We have to cats (a spayed female and a neutered male), both 11 years old. There is also a cat in our neighborhood (who I have to assume by his behavior is not neutered) who, quite literally, tries to break into our house through the window screens. We think we know which house he lives in, and he only seems to be out and wandering free at night. Or at least that's the only time he bothers us.

We literally cannot leave our windows open past about 9:00 p.m. or whenever it gets dark.....that's when he sneaks up to the windows and climbs the screens and tries to get it.....thus FREAKING out our indoor kitties and causing chaos. Not to mention damage to our window screens. He does this at any window he can get to (first floor, second floor, etc). Pretty much no window is safe, and we kind of feel like prisoners in our own home.

He also used to spray our front door, but I was able to stop that by leaving a bag of moth balls (opened) next to the door. The smell turned him away.

Any ideas on what we can do (other than getting a dog or lining the entire exterior of our house with moth balls) to keep him away from our house in general so we can open our windows at night?

Thank you!


----------



## Heidi n Q (Nov 22, 2006)

How about motion-activated lawn sprinklers? He'll douse himself with water whenever he ventures close.


----------



## MEOWx4 (Apr 22, 2009)

This is funny only because I have a friend with a similar story. She has 2 indoor cats, male and female, and there is a black cat that likes to sit at their sliding door and terrorize her cats around 4am, he throws himself at the sliding door which causes her cats to freak and go crazy, in return waking her up at the butt crack of dawn.

Maybe you can try squirting the cat with a spray bottle through the screen when you see him do it? I'm not sure what else could help.

Oh I have to add she also had a confrontational chat with said cat one early morning in which she said "how dare you sir!!"


----------



## Alpaca (Dec 21, 2009)

Sorry to laugh, but I found that 'how dare you sir' comment, pretty funny. I assume the cat didn't stop after that comment?

But seriously, that is not a good experience! I'm not sure what I would do given the same situation. Getting a dog might not be the solution as you're not sure if the cat is even frightened of dogs in the first place.

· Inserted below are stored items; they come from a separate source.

(* Let $0<\phi<\pi/6$, $\nu>0$. For $F,G\in\mathcal A_\phi$ and every integer $j\ge0$, $$|(p^jF)*G(p,t)|\le\frac{|p|^je^{\nu|p|}}{M_0(1+|p|^2)}\|F\|_\nu\|G\|_\nu\qquad\text{for all }(p,t)\in\overline{\mathcal S_\phi}\times[0,T].$$
   Context: $T>0$; $\mathcal S_\phi=\{p:\arg p\in(-\phi,\phi),0<|p|<\infty\}$, $\mathcal K=\overline{\mathcal S_\phi}\times[0,T]$; $\|G\|_\nu=M_0\sup_{(p,t)\in\mathcal K}(1+|p|^2)e^{-\nu|p|}|G(p,t)|$ with $M_0=\sup_{s\ge0}\frac{2(1+s^2)(\ln(1+s^2)+s\arctan s)}{s(s^2+4)}$. $\mathcal A_\phi$ is the space of functions $F(p,t)$ analytic in $p\in\mathcal S_\phi$, continuous on $\overline{\mathcal S_\phi}$ for each $t\in[0,T]$, with $\|F\|_\nu<\infty$. Convolution: $(F*G)(p,t)=\int_0^pF(s,t)G(p-s,t)\,ds$ along the segment $[0,p]$; $(p^jF)$ denotes the function $(p,t)\mapsto p^jF(p,t)$. *)

theory Defs
  imports "HOL-Complex_Analysis.Complex_Analysis"
begin

definition sector :: "real \<Rightarrow> complex set" where
  "sector \<phi> = {p. p \<noteq> 0 \<and> -\<phi> < Arg p \<and> Arg p < \<phi>}"

definition M0 :: real where
  "M0 = (SUP s\<in>{0::real..}. 2 * (1 + s^2) * (ln (1 + s^2) + s * arctan s) / (s * (s^2 + 4)))"

definition wnorm :: "real \<Rightarrow> real \<Rightarrow> real \<Rightarrow> (complex \<Rightarrow> real \<Rightarrow> complex) \<Rightarrow> real" where
  "wnorm \<phi> T \<nu> G = M0 * (SUP pt\<in>closure (sector \<phi>) \<times> {0..T}.
      (1 + (cmod (fst pt))^2) * exp (-\<nu> * cmod (fst pt)) * cmod (G (fst pt) (snd pt)))"

definition Aspace :: "real \<Rightarrow> real \<Rightarrow> real \<Rightarrow> (complex \<Rightarrow> real \<Rightarrow> complex) set" where
  "Aspace \<phi> T \<nu> = {F. (\<forall>t\<in>{0..T}. (\<lambda>p. F p t) holomorphic_on sector \<phi> \<and>
                        continuous_on (closure (sector \<phi>)) (\<lambda>p. F p t)) \<and>
      bdd_above ((\<lambda>pt. (1 + (cmod (fst pt))^2) * exp (-\<nu> * cmod (fst pt)) * cmod (F (fst pt) (snd pt)))
                   ` (closure (sector \<phi>) \<times> {0..T}))}"

definition conv :: "(complex \<Rightarrow> real \<Rightarrow> complex) \<Rightarrow> (complex \<Rightarrow> real \<Rightarrow> complex) \<Rightarrow> complex \<Rightarrow> real \<Rightarrow> complex" where
  "conv F G p t = contour_integral (linepath 0 p) (\<lambda>s. F s t * G (p - s) t)"

end

theory Submission imports Defs begin
(* Let $\mathcal{B}$ be a $\sigma$-algebra on a nonempty set $E$ and let $\nu,\tau$ be $\sigma$-maxitive measures on $\mathcal{B}$, with $\tau$ $\sigma$-principal. Then $\nu\ll\tau$ if and only if $\nu\lll\tau$. In this situation, the relative density of $\nu$ with respect to $\tau$ is unique $\tau$-almost everywhere.
   Context: A $\sigma$-maxitive measure on $\mathcal{B}$ is a map $\nu:\mathcal{B}\to[0,\infty]$ with $\nu(\emptyset)=0$, $\nu(B\cup B')=\max(\nu(B),\nu(B'))$, and $\nu(\bigcup_nB_n)=\lim_n\nu(B_n)$ for nondecreasing sequences in $\mathcal{B}$. A subset $N\subset E$ is $\tau$-negligible if $N\subset G$ for some $G\in\mathcal{B}$ with $\tau(G)=0$; a property holds $\tau$-almost everywhere if it holds outside a $\tau$-negligible set. A $\sigma$-ideal of $\mathcal{B}$ is a nonempty $\mathcal{I}\subset\mathcal{B}$ closed under countable unions and such that $B\subset I\in\mathcal{I}$, $B\in\mathcal{B}$ imply $B\in\mathcal{I}$. $\tau$ is $\sigma$-principal if for every $\sigma$-ideal $\mathcal{I}$ of $\mathcal{B}$ there is $L\in\mathcal{I}$ such that $S\setminus L$ is $\tau$-negligible for all $S\in\mathcal{I}$. A map $f:E\to[0,\infty]$ is $\mathcal{B}$-measurable if $\{f>t\}\in\mathcal{B}$ for all $t\geq0$; its $\tau$-essential supremum on $B$ is $\bigoplus^{\tau}_{x\in B}f(x)=\inf\{t>0:B\cap\{f>t\}\text{ is }\tau\text{-negligible}\}$. We write $\nu\ll\tau$ if $\tau(B)=0\Rightarrow\nu(B)=0$ for all $B\in\mathcal{B}$, and $\nu\lll\tau$ if there is a $\mathcal{B}$-measurable $f$ (a relative density of $\nu$ w.r.t. $\tau$) with $\nu(B)=\bigoplus^{\tau}_{x\in B}f(x)$ for all $B\in\mathcal{B}$. *)

theory Defs
  imports "HOL-Analysis.Analysis"
begin
definition monom_of_mset :: "'x multiset \<Rightarrow> ('x, 'c::comm_semiring_1) mpoly" where
  "monom_of_mset M = (\<Prod>x\<in>#M. Var x)"

lemma monom_of_mset_add_mset [simp]: "monom_of_mset (add_mset x M) = Var x * monom_of_mset M"
  by (simp add: monom_of_mset_def)

lemma monom_of_mset_eq_single: "monom_of_mset M = Poly_Mapping.single (pm_of_mset M) 1"
  unfolding monom_of_mset_def Var_def pm_of_mset_def by (rule prod_mset_single_one)

lemma monom_of_mset_inject [simp]:
  "(monom_of_mset M :: ('x, 'c::comm_semiring_1) mpoly) = monom_of_mset N \<longleftrightarrow> M = N"
  by (simp add: monom_of_mset_eq_single single_one_inject)

lemma monomials_onE:
  assumes "u \<in> monomials_on V"
  obtains M where "set_mset M \<subseteq> V" "u = monom_of_mset M"
proof -
  obtain e where "u = Poly_Mapping.single e 1" "Poly_Mapping.keys e \<subseteq> V"
    using assms by (auto simp: monomials_on_def)
  moreover obtain M where "pm_of_mset M = e"
    using pm_of_mset_surj by blast
  ultimately show thesis
    using that by (auto simp: monom_of_mset_eq_single)
qed

lemma monom_of_mset_in_poly_ring_on: "set_mset M \<subseteq> V \<Longrightarrow> monom_of_mset M \<in> poly_ring_on V"
  by (simp add: poly_ring_on_def monom_of_mset_eq_single)

lemma poly_subst_monom_of_mset: "poly_subst \<sigma> (monom_of_mset M) = (\<Prod>x\<in>#M. \<sigma> x)"
  by (simp add: poly_subst_def monom_of_mset_eq_single image_prod_mset_multiplicity)

lemma image_mset_eq_imp_pairing:
  assumes "image_mset p M = image_mset p N"
  obtains P where "image_mset fst P = M" "image_mset snd P = N" "\<forall>(x, y)\<in>#P. p x = p y"
proof -
  have "\<exists>P. image_mset fst P = M \<and> image_mset snd P = N \<and> (\<forall>(x, y)\<in>#P. p x = p y)"
    using assms
  proof (induction M arbitrary: N)
    case empty
    then show ?case by (intro exI[of _ "{#}"]) simp
  next
    case (add x M N)
    have "p x \<in># image_mset p N"
      by (simp flip: add.prems)
    then obtain y where y: "y \<in># N" "p y = p x"
      by auto
    then have N: "N = add_mset y (N - {#y#})"
      by simp
    have "image_mset p M = image_mset p (N - {#y#})"
      using add.prems y(2) by (subst (asm) N) simp
    then obtain P where "image_mset fst P = M" "image_mset snd P = N - {#y#}" "\<forall>(x, y)\<in>#P. p x = p y"
      using add.IH by blast
    then show ?case
      using y by (intro exI[of _ "add_mset (x, y) P"]) auto
  qed
  then show thesis
    using that by blast
qed
lemma emeasure_sphere_measure:
  fixes B :: "'a::euclidean_space set"
  assumes B: "B \<in> sets sphere_measure"
  shows "emeasure sphere_measure B =
           ennreal (real DIM('a)) * emeasure lborel {x \<in> ball 0 1 - {0}. x /\<^sub>R norm x \<in> B}"
proof -
  let ?D = "distr (restrict_space lborel (ball (0::'a) 1 - {0})) (restrict_space borel (sphere 0 1))
              (\<lambda>x. x /\<^sub>R norm x)"
  have normalize: "(\<lambda>x::'a. x /\<^sub>R norm x) \<in> restrict_space lborel (ball 0 1 - {0}) \<rightarrow>\<^sub>M restrict_space borel (sphere 0 1)"
    by (rule measurable_restrict_space2) (auto simp: space_restrict_space intro: measurable_restrict_space1)
  have "emeasure sphere_measure B = ennreal (real DIM('a)) * emeasure ?D B"
    using B unfolding sphere_measure_def by (simp add: emeasure_density nn_integral_cmult_indicator)
  also have "emeasure ?D B = emeasure lborel ((\<lambda>x. x /\<^sub>R norm x) -` B \<inter> (ball 0 1 - {0}))"
    using B by (simp add: sets_sphere_measure emeasure_distr[OF normalize] space_restrict_space
        emeasure_restrict_space)
  also have "(\<lambda>x::'a. x /\<^sub>R norm x) -` B \<inter> (ball 0 1 - {0}) = {x \<in> ball 0 1 - {0}. x /\<^sub>R norm x \<in> B}"
    by auto
  finally show ?thesis .
qed

lemma finite_measure_sphere_measure: "finite_measure (sphere_measure :: 'a::euclidean_space measure)"
proof (rule finite_measureI)
  have "sphere 0 1 \<in> sets (sphere_measure :: 'a measure)" by (simp add: sets_sphere_measure_iff)
  then have "emeasure (sphere_measure :: 'a measure) (sphere 0 1)
          = ennreal (real DIM('a)) * emeasure lborel {x::'a \<in> ball 0 1 - {0}. x /\<^sub>R norm x \<in> sphere 0 1}"
    by (rule emeasure_sphere_measure)
  also have "\<dots> \<le> ennreal (real DIM('a)) * emeasure lborel (cball (0::'a) 1)"
    by (intro mult_left_mono emeasure_mono) auto
  also have "\<dots> < \<infinity>"
    using emeasure_lborel_cball_finite[of "0::'a" 1] by (simp add: ennreal_mult_less_top less_top)
  finally show "emeasure (sphere_measure :: 'a measure) (space sphere_measure) \<noteq> \<infinity>"
    by (simp add: space_sphere_measure less_top)
qed

lemma null_sets_sphere_measure_if_cone:
  fixes A :: "'a::euclidean_space set"
  assumes A: "A \<in> sets sphere_measure" and N: "N \<in> null_sets lborel"
    and cone: "\<And>x. x \<in> ball 0 1 - {0} \<Longrightarrow> x /\<^sub>R norm x \<in> A \<Longrightarrow> x \<in> N"
  shows "A \<in> null_sets sphere_measure"
proof -
  have "{x \<in> ball 0 1 - {0}. x /\<^sub>R norm x \<in> A} = (ball 0 1 - {0}) \<inter> ((\<lambda>x::'a. x /\<^sub>R norm x) -` A \<inter> space borel)"
    by auto
  also have "\<dots> \<in> sets borel"
    using A by (intro sets.Int measurable_sets[of _ borel]) (auto simp: sets_sphere_measure_iff)
  finally have "{x \<in> ball 0 1 - {0}. x /\<^sub>R norm x \<in> A} \<in> null_sets lborel"
    using cone by (intro null_sets_subset[OF N]) auto
  then show ?thesis using A by (simp add: null_sets_def emeasure_sphere_measure)
qed

lemma borel_measurable_sphere_measure_continuous:
  fixes f :: "'a::euclidean_space \<Rightarrow> real"
  shows "continuous_on (sphere 0 1) f \<Longrightarrow> f \<in> borel_measurable sphere_measure"
  by (simp add: measurable_cong_sets[OF sets_sphere_measure refl] borel_measurable_continuous_on_restrict)

lemma integrable_sphere_measure_continuous:
  fixes f :: "'a::euclidean_space \<Rightarrow> real"
  assumes f: "continuous_on (sphere 0 1) f"
  shows "integrable sphere_measure f"
proof -
  interpret finite_measure "sphere_measure :: 'a measure" by (rule finite_measure_sphere_measure)
  obtain B where "\<And>x. x \<in> sphere 0 1 \<Longrightarrow> norm (f x) \<le> B"
    using continuous_on_compact_bound[OF compact_sphere f] by blast
  then show ?thesis
    by (intro integrable_const_bound[where B = B] AE_I2 borel_measurable_sphere_measure_continuous f)
       (auto simp: space_sphere_measure)
qed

You might need to resort to a bag of mothballs at each window when you open it. Since a cat's sense of smell is pretty strong, you might not need to place it outside. Could you try applying sticky tape to the outside window sills? It might be a short term thing just so the outdoor cat figures out this is not a nice house to visit. After it goes off, then you can remove the tape.


----------



## FelineMommy (Jul 6, 2010)

Alpaca, I like your ideas. We will probably try putting moth balls outside the window we want to have open (we don't want to put them inside because we don't want to discourage my own kitties from sitting in the windows). I like the earlier post-er's idea of automatic sprinklers, too, but that's a bit expensive. Lol. As would be a dog (I was just being facetious with that thought). Moth balls and/or tape it will be for now, unless someone has other thoughts? Thank you, all!!


----------